## What this task involves
In the data below, which lines hold "regular"? Copy every one.

(Saved data entries)

(* The Petersen graph has ID-index $3$.
   Context: For a finite simple connected graph $G=(V,E)$ with diameter $d$, a rank assignment is a function $f:V\to\mathbb{R}$; under $f$, the string of a vertex $v$ is the $d$-vector whose $i$-th coordinate is the sum of $f(w)$ over all vertices $w$ with $d(v,w)=i$. The ID-index $IDI(G)$ is the minimum $k$ such that there exists $f:V\to\mathbb{R}$ with $|f(V)|=k$ under which all vertices have distinct strings. *)

theory Defs
  imports Complex_Main
begin

definition simple_graph :: "'a set \<Rightarrow> ('a \<times> 'a) set \<Rightarrow> bool" where
  "simple_graph V E \<longleftrightarrow> finite V \<and> E \<subseteq> V \<times> V \<and> sym E \<and> irrefl E"

definition connected_graph :: "'a set \<Rightarrow> ('a \<times> 'a) set \<Rightarrow> bool" where
  "connected_graph V E \<longleftrightarrow> V \<noteq> {} \<and> (\<forall>u\<in>V. \<forall>v\<in>V. (u, v) \<in> E\<^sup>*)"

definition gdist :: "('a \<times> 'a) set \<Rightarrow> 'a \<Rightarrow> 'a \<Rightarrow> nat" where
  "gdist E u v = (LEAST n. (u, v) \<in> E ^^ n)"

definition diameter :: "'a set \<Rightarrow> ('a \<times> 'a) set \<Rightarrow> nat" where
  "diameter V E = Max {gdist E u v | u v. u \<in> V \<and> v \<in> V}"

definition vstring :: "'a set \<Rightarrow> ('a \<times> 'a) set \<Rightarrow> ('a \<Rightarrow> real) \<Rightarrow> 'a \<Rightarrow> real list" where
  "vstring V E f v = map (\<lambda>i. \<Sum>w\<in>{w\<in>V. gdist E v w = i}. f w) [1..<diameter V E + 1]"

definition IDI :: "'a set \<Rightarrow> ('a \<times> 'a) set \<Rightarrow> nat" where
  "IDI V E = (LEAST k. \<exists>f :: 'a \<Rightarrow> real. card (f ` V) = k \<and> inj_on (vstring V E f) V)"

text \<open>The Petersen graph, as the Kneser graph K(5,2): vertices are the 2-subsets of
a 5-set, adjacent iff disjoint.\<close>
definition petersen_V :: "nat set set" where
  "petersen_V = {A. A \<subseteq> {0..<5} \<and> card A = 2}"

definition petersen_E :: "(nat set \<times> nat set) set" where
  "petersen_E = {(A, B). A \<in> petersen_V \<and> B \<in> petersen_V \<and> A \<inter> B = {}}"

end

(* In a graph of diameter two every vertex v lies at distance 0, 1 or 2 from the others,
   so its string is (s v, T - f v - s v), where s v is the rank sum over the neighbours of v
   and T the total rank; the string is therefore determined by the pair (f v, s v).
   If f takes only two values, then in the 3-regular Petersen graph s v takes at most
   four values, giving at most 8 distinct strings for 10 vertices.  Three ranks suffice,
   as an explicit assignment shows. *)

theory Submission
  imports Defs
begin

lemma gdist_eqI:
  assumes "(u, v) \<in> E ^^ n" and "\<And>m. m < n \<Longrightarrow> (u, v) \<notin> E ^^ m"
  shows "gdist E u v = n"
  unfolding gdist_def using assms by (intro Least_equality) (auto simp: not_less[symmetric])

lemma gdist_eq_0_iff:
  assumes "(u, v) \<in> E\<^sup>*"
  shows "gdist E u v = 0 \<longleftrightarrow> u = v"
proof
  obtain n where "(u, v) \<in> E ^^ n"
    using rtrancl_imp_relpow[OF assms] by blast
  then have "(u, v) \<in> E ^^ gdist E u v"
    unfolding gdist_def by (rule LeastI)
  then show "gdist E u v = 0 \<Longrightarrow> u = v" by simp
qed (auto intro: gdist_eqI)

lemma gdist_le_diameter:
  assumes "finite V" and "u \<in> V" and "v \<in> V"
  shows "gdist E u v \<le> diameter V E"
proof -
  have "{gdist E u v | u v. u \<in> V \<and> v \<in> V} = (\<lambda>(u, v). gdist E u v) ` (V \<times> V)"
    by auto
  then show ?thesis
    unfolding diameter_def using assms by (intro Max_ge) auto
qed

lemma diameter_eqI:
  assumes "finite V" and "\<And>u v. u \<in> V \<Longrightarrow> v \<in> V \<Longrightarrow> gdist E u v \<le> d"
    and "u \<in> V" and "v \<in> V" and "gdist E u v = d"
  shows "diameter V E = d"
proof -
  have "{gdist E u v | u v. u \<in> V \<and> v \<in> V} = (\<lambda>(u, v). gdist E u v) ` (V \<times> V)"
    by auto
  then show ?thesis
    unfolding diameter_def using assms by (intro Max_eqI) auto
qed

lemma vstring_diameter_two:
  assumes "finite V" and "connected_graph V E" and "diameter V E = 2" and "v \<in> V"
  shows "vstring V E f v =
    [(\<Sum>w\<in>{w\<in>V. gdist E v w = 1}. f w), sum f V - f v - (\<Sum>w\<in>{w\<in>V. gdist E v w = 1}. f w)]"
proof -
  have distances: "gdist E v ` V \<subseteq> {0, 1, 2}"
  proof (rule image_subsetI)
    fix w assume "w \<in> V"
    then show "gdist E v w \<in> {0, 1, 2}"
      using gdist_le_diameter[OF assms(1,4), of w E] assms(3) by auto
  qed
  have reachable: "(v, w) \<in> E\<^sup>*" if "w \<in> V" for w
    using assms(2,4) that unfolding connected_graph_def by blast
  have zero: "{w\<in>V. gdist E v w = 0} = {v}"
    using assms(4) gdist_eq_0_iff[OF reachable] by auto
  have "sum f V = (\<Sum>i\<in>{0, 1, 2}. \<Sum>w\<in>{w\<in>V. gdist E v w = i}. f w)"
    by (rule sum.group[OF assms(1) _ distances, symmetric]) simp
  also have "\<dots> =
      f v + (\<Sum>w\<in>{w\<in>V. gdist E v w = 1}. f w) + (\<Sum>w\<in>{w\<in>V. gdist E v w = 2}. f w)"
    by (simp add: zero add.assoc)
  finally have "sum f V =
      f v + (\<Sum>w\<in>{w\<in>V. gdist E v w = 1}. f w) + (\<Sum>w\<in>{w\<in>V. gdist E v w = 2}. f w)" .
  moreover have "[1..<diameter V E + 1] = [1, 2]"
    unfolding assms(3) by (simp add: upt_rec)
  ultimately show ?thesis
    unfolding vstring_def by simp
qed

lemma inj_on_vstring_diameter_two:
  assumes "finite V" and "connected_graph V E" and "diameter V E = 2"
    and "inj_on (\<lambda>v. (f v, \<Sum>w\<in>{w\<in>V. gdist E v w = 1}. f w)) V"
  shows "inj_on (vstring V E f) V"
  using assms(4) by (auto simp: inj_on_def vstring_diameter_two[OF assms(1-3)])

lemma card_le_2_subset_doubleton:
  assumes "finite A" and "card A \<le> 2"
  obtains a b where "A \<subseteq> {a, b}"
  using assms by (metis Suc_1 Suc_eq_plus1_left card_1_singletonE card_2_iff card_seteq
    empty_subsetI le_add1 nle_le not_less_eq_eq subset_insertI2 subset_refl)

lemma sum_two_valued:
  fixes f :: "'a \<Rightarrow> real"
  assumes "finite A" and "f ` A \<subseteq> {a, b}"
  shows "sum f A \<in> (\<lambda>m. a * real (card A - m) + b * real m) ` {0..card A}"
proof
  let ?B = "{x\<in>A. f x = b}"
  have "sum f A = sum f (A - ?B) + sum f ?B"
    using assms(1) by (intro sum.subset_diff) auto
  also have "sum f (A - ?B) = (\<Sum>x\<in>A - ?B. a)"
    using assms(2) by (intro sum.cong) auto
  also have "\<dots> = a * real (card (A - ?B))"
    by simp
  also have "sum f ?B = b * real (card ?B)"
    by simp
  also have "card (A - ?B) = card A - card ?B"
    using assms(1) by (intro card_Diff_subset) auto
  finally show "sum f A = a * real (card A - card ?B) + b * real (card ?B)" .
  show "card ?B \<in> {0..card A}"
    using assms(1) by (auto intro: card_mono)
qed

lemma card_le_if_two_ranks_identify:
  assumes "finite V" and "connected_graph V E" and "diameter V E = 2"
    and regular: "\<And>v. v \<in> V \<Longrightarrow> card {w\<in>V. gdist E v w = 1} = k"
    and identify: "inj_on (vstring V E f) V" and two_ranks: "card (f ` V) \<le> 2"
  shows "card V \<le> 2 * (k + 1)"
proof -
  obtain a b where ab: "f ` V \<subseteq> {a, b}"
    using card_le_2_subset_doubleton[OF finite_imageI[OF assms(1)] two_ranks] .
  define S where "S = (\<lambda>m. a * real (k - m) + b * real m) ` {0..k}"
  define string_of where "string_of = (\<lambda>(x, y). [y, sum f V - x - y])"
  have strings: "vstring V E f ` V \<subseteq> string_of ` ({a, b} \<times> S)"
  proof
    fix s assume "s \<in> vstring V E f ` V"
    then obtain v where v: "v \<in> V" and s: "s = vstring V E f v" by blast
    let ?y = "\<Sum>w\<in>{w\<in>V. gdist E v w = 1}. f w"
    have "?y \<in> S"
      using sum_two_valued[of "{w\<in>V. gdist E v w = 1}" f a b] assms(1) ab
      unfolding S_def regular[OF v] by auto
    moreover have "f v \<in> {a, b}" using ab v by blast
    ultimately have "(f v, ?y) \<in> {a, b} \<times> S" by blast
    moreover have "s = string_of (f v, ?y)"
      unfolding s string_of_def vstring_diameter_two[OF assms(1-3) v] by simp
    ultimately show "s \<in> string_of ` ({a, b} \<times> S)"
      by (rule rev_image_eqI)
  qed
  have "card V = card (vstring V E f ` V)"
    by (simp add: card_image[OF identify])
  also have "\<dots> \<le> card (string_of ` ({a, b} \<times> S))"
    using strings by (rule card_mono[rotated]) (simp add: S_def)
  also have "\<dots> \<le> card ({a, b} \<times> S)"
    by (rule card_image_le) (simp add: S_def)
  also have "\<dots> = card {a, b} * card S"
    by (rule card_cartesian_product)
  also have "\<dots> \<le> 2 * (k + 1)"
    using card_image_le[of "{0..k}"] unfolding S_def
    by (intro mult_le_mono) (auto simp: card_insert_if)
  finally show ?thesis .
qed

lemma card_petersen_V: "card petersen_V = 10"
  unfolding petersen_V_def by (simp add: n_subsets numeral_eq_Suc)

lemma finite_petersen_V: "finite petersen_V"
  using card_petersen_V by (intro card_ge_0_finite) simp

lemma petersen_common_neighbour:
  assumes A: "A \<in> petersen_V" and B: "B \<in> petersen_V" and "A \<noteq> B" and "A \<inter> B \<noteq> {}"
  obtains C where "C \<in> petersen_V" and "A \<inter> C = {}" and "B \<inter> C = {}"
proof
  have card: "card A = 2" "card B = 2" and sub: "A \<union> B \<subseteq> {0..<5}"
    using A B unfolding petersen_V_def by auto
  then have fin: "finite A" "finite B"
    by (auto intro: card_ge_0_finite)
  have "card (A \<inter> B) \<noteq> 2"
    using card_subset_eq[OF fin(1), of "A \<inter> B"] card_subset_eq[OF fin(2), of "A \<inter> B"] card \<open>A \<noteq> B\<close>
    by auto
  moreover have "card (A \<inter> B) \<le> 2" and "card (A \<inter> B) \<noteq> 0"
    using card card_mono[OF fin(1), of "A \<inter> B"] fin \<open>A \<inter> B \<noteq> {}\<close> by auto
  ultimately have "card (A \<union> B) = 3"
    using card_Un_Int[OF fin] card by simp
  then have "card ({0..<5} - (A \<union> B)) = 2"
    using sub by (simp add: card_Diff_subset fin)
  then show "{0..<5} - (A \<union> B) \<in> petersen_V"
    unfolding petersen_V_def by auto
qed auto

lemma petersen_walk:
  assumes A: "A \<in> petersen_V" and B: "B \<in> petersen_V"
  shows "(A, B) \<in> petersen_E ^^ (if A = B then 0 else if A \<inter> B = {} then 1 else 2)"
proof -
  consider "A = B" | "A \<noteq> B" "A \<inter> B = {}" | "A \<noteq> B" "A \<inter> B \<noteq> {}"
    by blast
  then show ?thesis
  proof cases
    case 3
    obtain C where "C \<in> petersen_V" "A \<inter> C = {}" "B \<inter> C = {}"
      using petersen_common_neighbour[OF A B 3] .
    then have "(A, C) \<in> petersen_E" and "(C, B) \<in> petersen_E"
      using A B unfolding petersen_E_def by auto
    then show ?thesis
      using 3 by (auto simp: numeral_2_eq_2)
  qed (use A B in \<open>auto simp: petersen_E_def\<close>)
qed

lemma petersen_gdist:
  assumes "A \<in> petersen_V" and "B \<in> petersen_V"
  shows "gdist petersen_E A B = (if A = B then 0 else if A \<inter> B = {} then 1 else 2)"
  using petersen_walk[OF assms]
  by (intro gdist_eqI) (auto simp: petersen_E_def less_Suc_eq numeral_2_eq_2 split: if_splits)

lemma connected_petersen: "connected_graph petersen_V petersen_E"
  unfolding connected_graph_def
  using card_petersen_V petersen_walk relpow_imp_rtrancl by fastforce

lemma diameter_petersen: "diameter petersen_V petersen_E = 2"
proof (rule diameter_eqI[OF finite_petersen_V])
  show "{0, 1} \<in> petersen_V" and "{0, 2} \<in> petersen_V"
    unfolding petersen_V_def by auto
  show "gdist petersen_E {0, 1} {0, 2} = 2"
    using petersen_gdist[OF \<open>{0, 1} \<in> petersen_V\<close> \<open>{0, 2} \<in> petersen_V\<close>]
    by (simp add: doubleton_eq_iff)
qed (simp add: petersen_gdist)

lemma petersen_neighbours:
  assumes "v \<in> petersen_V"
  shows "{w\<in>petersen_V. gdist petersen_E v w = 1} = {w\<in>petersen_V. v \<inter> w = {}}"
  using assms petersen_gdist[OF assms] unfolding petersen_V_def by (auto split: if_splits)

lemma card_petersen_neighbours:
  assumes "v \<in> petersen_V"
  shows "card {w\<in>petersen_V. gdist petersen_E v w = 1} = 3"
proof -
  have "{w\<in>petersen_V. v \<inter> w = {}} = {w. w \<subseteq> {0..<5} - v \<and> card w = 2}"
    unfolding petersen_V_def by auto
  moreover have "card ({0..<5} - v) = 3"
    using assms unfolding petersen_V_def by (auto simp: card_Diff_subset finite_subset)
  ultimately show ?thesis
    unfolding petersen_neighbours[OF assms] by (simp add: n_subsets numeral_eq_Suc)
qed

definition petersen_vertices :: "nat set list" where
  "petersen_vertices = [{0,1}, {0,2}, {0,3}, {0,4}, {1,2}, {1,3}, {1,4}, {2,3}, {2,4}, {3,4}]"

lemma distinct_petersen_vertices: "distinct petersen_vertices"
  unfolding petersen_vertices_def by (simp add: doubleton_eq_iff)

lemma set_petersen_vertices: "set petersen_vertices = petersen_V"
proof (rule card_subset_eq[OF finite_petersen_V])
  show "set petersen_vertices \<subseteq> petersen_V"
    unfolding petersen_vertices_def petersen_V_def by auto
  show "card (set petersen_vertices) = card petersen_V"
    using distinct_card[OF distinct_petersen_vertices] card_petersen_V
    by (simp add: petersen_vertices_def)
qed

definition petersen_rank :: "nat set \<Rightarrow> real" where
  "petersen_rank A =
    (if A \<in> {{0,4}, {1,3}} then 1 else if A \<in> {{1,4}, {2,3}, {3,4}} then 2 else 0)"

lemma card_petersen_rank_image: "card (petersen_rank ` petersen_V) = 3"
  unfolding set_petersen_vertices[symmetric] image_set card_set
  by (simp add: petersen_vertices_def petersen_rank_def doubleton_eq_iff)

lemma petersen_rank_identifies:
  "inj_on (vstring petersen_V petersen_E petersen_rank) petersen_V"
proof (rule inj_on_vstring_diameter_two[OF finite_petersen_V connected_petersen diameter_petersen])
  let ?r = petersen_rank and ?L = petersen_vertices
  let ?s = "\<lambda>v. sum_list (map ?r (filter (\<lambda>w. v \<inter> w = {}) ?L))"
  have "distinct (map (\<lambda>v. (?r v, ?s v)) ?L)"
    by (simp add: petersen_vertices_def petersen_rank_def doubleton_eq_iff)
  then have "inj_on (\<lambda>v. (?r v, ?s v)) petersen_V"
    by (simp add: distinct_map set_petersen_vertices)
  moreover have "(\<Sum>w\<in>{w\<in>petersen_V. gdist petersen_E v w = 1}. ?r w) = ?s v"
    if "v \<in> petersen_V" for v
  proof -
    have "{w\<in>petersen_V. gdist petersen_E v w = 1} = set (filter (\<lambda>w. v \<inter> w = {}) ?L)"
      unfolding petersen_neighbours[OF that] by (simp add: set_petersen_vertices)
    then show ?thesis
      by (simp only: sum.distinct_set_conv_list[OF distinct_filter[OF distinct_petersen_vertices]])
  qed
  ultimately show "inj_on (\<lambda>v. (?r v, \<Sum>w\<in>{w\<in>petersen_V. gdist petersen_E v w = 1}. ?r w)) petersen_V"
    by (simp cong: inj_on_cong)
qed

theorem mainTheorem10:
  shows "IDI petersen_V petersen_E = 3"
  unfolding IDI_def
proof (rule Least_equality)
  show "\<exists>f :: nat set \<Rightarrow> real. card (f ` petersen_V) = 3 \<and>
      inj_on (vstring petersen_V petersen_E f) petersen_V"
    using card_petersen_rank_image petersen_rank_identifies by blast
next
  fix k
  assume "\<exists>f :: nat set \<Rightarrow> real. card (f ` petersen_V) = k \<and>
      inj_on (vstring petersen_V petersen_E f) petersen_V"
  then obtain f :: "nat set \<Rightarrow> real" where k: "card (f ` petersen_V) = k"
    and identifies: "inj_on (vstring petersen_V petersen_E f) petersen_V"
    by blast
  show "3 \<le> k"
  proof (rule ccontr)
    assume "\<not> 3 \<le> k"
    then have "card petersen_V \<le> 2 * (3 + 1)"
      using card_le_if_two_ranks_identify[OF finite_petersen_V connected_petersen
          diameter_petersen card_petersen_neighbours identifies] k
      by simp
    then show False
      using card_petersen_V by simp
  qed
qed

end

## Solution to this problem
   If f takes only two values, then in the 3-regular Petersen graph s v takes at most
    and regular: "\<And>v. v \<in> V \<Longrightarrow> card {w\<in>V. gdist E v w = 1} = k"
      unfolding S_def regular[OF v] by auto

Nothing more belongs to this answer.